inductive zf_derivable :: "'a set \<Rightarrow> ('a \<Rightarrow> 'a \<Rightarrow> bool) \<Rightarrow> 'a set \<Rightarrow> 'a set \<Rightarrow> bool"
  for V E S where
  zf_base: "zf_derivable V E S S"
| zf_step: "\<lbrakk> zf_derivable V E S Z; u \<in> Z; v \<in> nbhd V E u; v \<notin> Z;
             \<forall>w \<in> nbhd V E u. w \<noteq> v \<longrightarrow> w \<in> Z \<rbrakk>
            \<Longrightarrow> zf_derivable V E S (insert v Z)"

definition zero_forcing_set :: "'a set \<Rightarrow> ('a \<Rightarrow> 'a \<Rightarrow> bool) \<Rightarrow> 'a set \<Rightarrow> bool" where
  "zero_forcing_set V E S \<longleftrightarrow> S \<subseteq> V \<and> zf_derivable V E S V"

definition force_prob :: "'a set \<Rightarrow> ('a \<Rightarrow> 'a \<Rightarrow> bool) \<Rightarrow> 'a set \<Rightarrow> 'a \<Rightarrow> 'a \<Rightarrow> real" where
  "force_prob V E Z u v =
     (if u \<notin> Z \<or> v \<notin> nbhd V E u \<or> cnbhd V E u \<subseteq> Z then 0
      else real (card (cnbhd V E u \<inter> Z)) / real (deg V E u))"

definition force_pairs :: "'a set \<Rightarrow> ('a \<Rightarrow> 'a \<Rightarrow> bool) \<Rightarrow> 'a set \<Rightarrow> ('a \<times> 'a) set" where
  "force_pairs V E Z = {(u, v). u \<in> Z \<and> v \<in> nbhd V E u \<and> v \<notin> Z}"

text \<open>One global application of the probabilistic color change rule: independent
Bernoulli trials for every pair; a white vertex becomes black iff some pair forcing it succeeds.\<close>
definition prob_step :: "'a set \<Rightarrow> ('a \<Rightarrow> 'a \<Rightarrow> bool) \<Rightarrow> 'a set \<Rightarrow> 'a set pmf" where
  "prob_step V E Z =
     map_pmf (\<lambda>f. Z \<union> {v. \<exists>u. (u, v) \<in> force_pairs V E Z \<and> f (u, v)})
       (Pi_pmf (force_pairs V E Z) False
          (\<lambda>(u, v). bernoulli_pmf (force_prob V E Z u v)))"

fun prob_dist :: "'a set \<Rightarrow> ('a \<Rightarrow> 'a \<Rightarrow> bool) \<Rightarrow> 'a set \<Rightarrow> nat \<Rightarrow> 'a set pmf" where
  "prob_dist V E A 0 = return_pmf A"
| "prob_dist V E A (Suc k) = bind_pmf (prob_dist V E A k) (prob_step V E)"

text \<open>S^k: colorings reachable with positive probability; T^k: those containing a ZF set.\<close>
definition reach_set :: "'a set \<Rightarrow> ('a \<Rightarrow> 'a \<Rightarrow> bool) \<Rightarrow> 'a set \<Rightarrow> nat \<Rightarrow> 'a set set" where
  "reach_set V E A k = set_pmf (prob_dist V E A k)"

definition zf_reach_set :: "'a set \<Rightarrow> ('a \<Rightarrow> 'a \<Rightarrow> bool) \<Rightarrow> 'a set \<Rightarrow> nat \<Rightarrow> 'a set set" where
  "zf_reach_set V E A k = {Z \<in> reach_set V E A k. \<exists>S \<subseteq> Z. zero_forcing_set V E S}"

definition P_zf :: "'a set \<Rightarrow> ('a \<Rightarrow> 'a \<Rightarrow> bool) \<Rightarrow> 'a set \<Rightarrow> real" where
  "P_zf V E A =
     (let k0 = (LEAST k. zf_reach_set V E A k \<noteq> {})
      in measure_pmf.prob (prob_dist V E A k0) (zf_reach_set V E A k0))"

text \<open>Cycle C_n on vertices 0..n-1 (vertex i stands for v_(i+1)); edges i ~ i+1 mod n.\<close>
definition cycle_V :: "nat \<Rightarrow> nat set" where
  "cycle_V n = {0..<n}"
lemma sum_edge_pairs:
  assumes adj: "adjacency_matrix p A" and lm: "l < p" "m < p"
  shows "(\<Sum>x\<leftarrow>edge_pairs p A. fst x $ l * quad_form X (snd x) * cnj (fst x $ m))
    = (\<Sum>i<p. \<Sum>j<p. A $$ (i, j) / 2 * ((if l = i \<and> m = j then X $$ (i, j) else 0)
        + (if l = j \<and> m = i then X $$ (j, i) else 0)
        + (if l = m \<and> (l = i \<or> l = j) then X $$ (i, i) + X $$ (j, j) else 0)))"
proof -
  have pair: "(\<Sum>c\<leftarrow>phases. (of_real (sqrt (Re (A $$ (i, j)) / 8)) \<cdot>\<^sub>v pair_vec p i j c) $ l
        * quad_form X (pair_vec p i j c) * cnj ((of_real (sqrt (Re (A $$ (i, j)) / 8)) \<cdot>\<^sub>v pair_vec p i j c) $ m))
      = A $$ (i, j) / 2 * ((if l = i \<and> m = j then X $$ (i, j) else 0)
        + (if l = j \<and> m = i then X $$ (j, i) else 0)
        + (if l = m \<and> (l = i \<or> l = j) then X $$ (i, i) + X $$ (j, j) else 0))"
    if ij: "i < p" "j < p" for i j
  proof -
    define e where "e = sqrt (Re (A $$ (i, j)) / 8)"
    have "e * e = Re (A $$ (i, j)) / 8"
      unfolding e_def using adjacency_matrix_Re(2)[OF adj ij] by simp
    then have e: "of_real e * of_real e = A $$ (i, j) / 8"
      using adjacency_matrix_Re(1)[OF adj ij] by (metis of_real_mult of_real_divide of_real_numeral)
    have "(\<Sum>c\<leftarrow>phases. (of_real e \<cdot>\<^sub>v pair_vec p i j c) $ l * quad_form X (pair_vec p i j c)
          * cnj ((of_real e \<cdot>\<^sub>v pair_vec p i j c) $ m))
        = (\<Sum>c\<leftarrow>phases. (of_real e * of_real e)
          * (pair_vec p i j c $ l * quad_form X (pair_vec p i j c) * cnj (pair_vec p i j c $ m)))"
      using lm by (intro arg_cong[where f = sum_list] map_cong refl)
        (simp add: pair_vec_carrier[THEN carrier_vecD] algebra_simps)
    also have "\<dots> = A $$ (i, j) / 8 * (\<Sum>c\<leftarrow>phases. pair_vec p i j c $ l
        * quad_form X (pair_vec p i j c) * cnj (pair_vec p i j c $ m))"
      unfolding e by (rule sum_list_const_mult)
    finally have sum: "(\<Sum>c\<leftarrow>phases. (of_real e \<cdot>\<^sub>v pair_vec p i j c) $ l
          * quad_form X (pair_vec p i j c) * cnj ((of_real e \<cdot>\<^sub>v pair_vec p i j c) $ m))
        = A $$ (i, j) / 8 * (\<Sum>c\<leftarrow>phases. pair_vec p i j c $ l
          * quad_form X (pair_vec p i j c) * cnj (pair_vec p i j c $ m))" .
    show ?thesis
    proof (cases "i = j")
      case True
      then show ?thesis
        unfolding e_def[symmetric] sum using adjacency_matrix_diag[OF adj ij(1)] by simp
    next
      case False
      have "A $$ (i, j) / 8 * (4 * T) = A $$ (i, j) / 2 * T" for T :: complex
        by (simp add: field_simps)
      then show ?thesis
        unfolding e_def[symmetric] sum polarization_pair_vec[OF False ij lm] .
    qed
  qed
  have "(\<Sum>x\<leftarrow>edge_pairs p A. fst x $ l * quad_form X (snd x) * cnj (fst x $ m))
    = (\<Sum>i<p. \<Sum>j<p. \<Sum>c\<leftarrow>phases. (of_real (sqrt (Re (A $$ (i, j)) / 8)) \<cdot>\<^sub>v pair_vec p i j c) $ l
        * quad_form X (pair_vec p i j c) * cnj ((of_real (sqrt (Re (A $$ (i, j)) / 8)) \<cdot>\<^sub>v pair_vec p i j c) $ m))"
    unfolding edge_pairs_def sum_list_map_concat_map by (simp add: sum_list_map_product_upt comp_def)
  also have "\<dots> = (\<Sum>i<p. \<Sum>j<p. A $$ (i, j) / 2 * ((if l = i \<and> m = j then X $$ (i, j) else 0)
        + (if l = j \<and> m = i then X $$ (j, i) else 0)
        + (if l = m \<and> (l = i \<or> l = j) then X $$ (i, i) + X $$ (j, j) else 0)))"
    by (intro sum.cong refl) (simp add: pair)
  finally show ?thesis .
qed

====================

Show all lines above holding the word "notin".

Exercise answer ::
| zf_step: "\<lbrakk> zf_derivable V E S Z; u \<in> Z; v \<in> nbhd V E u; v \<notin> Z;
     (if u \<notin> Z \<or> v \<notin> nbhd V E u \<or> cnbhd V E u \<subseteq> Z then 0
  "force_pairs V E Z = {(u, v). u \<in> Z \<and> v \<in> nbhd V E u \<and> v \<notin> Z}"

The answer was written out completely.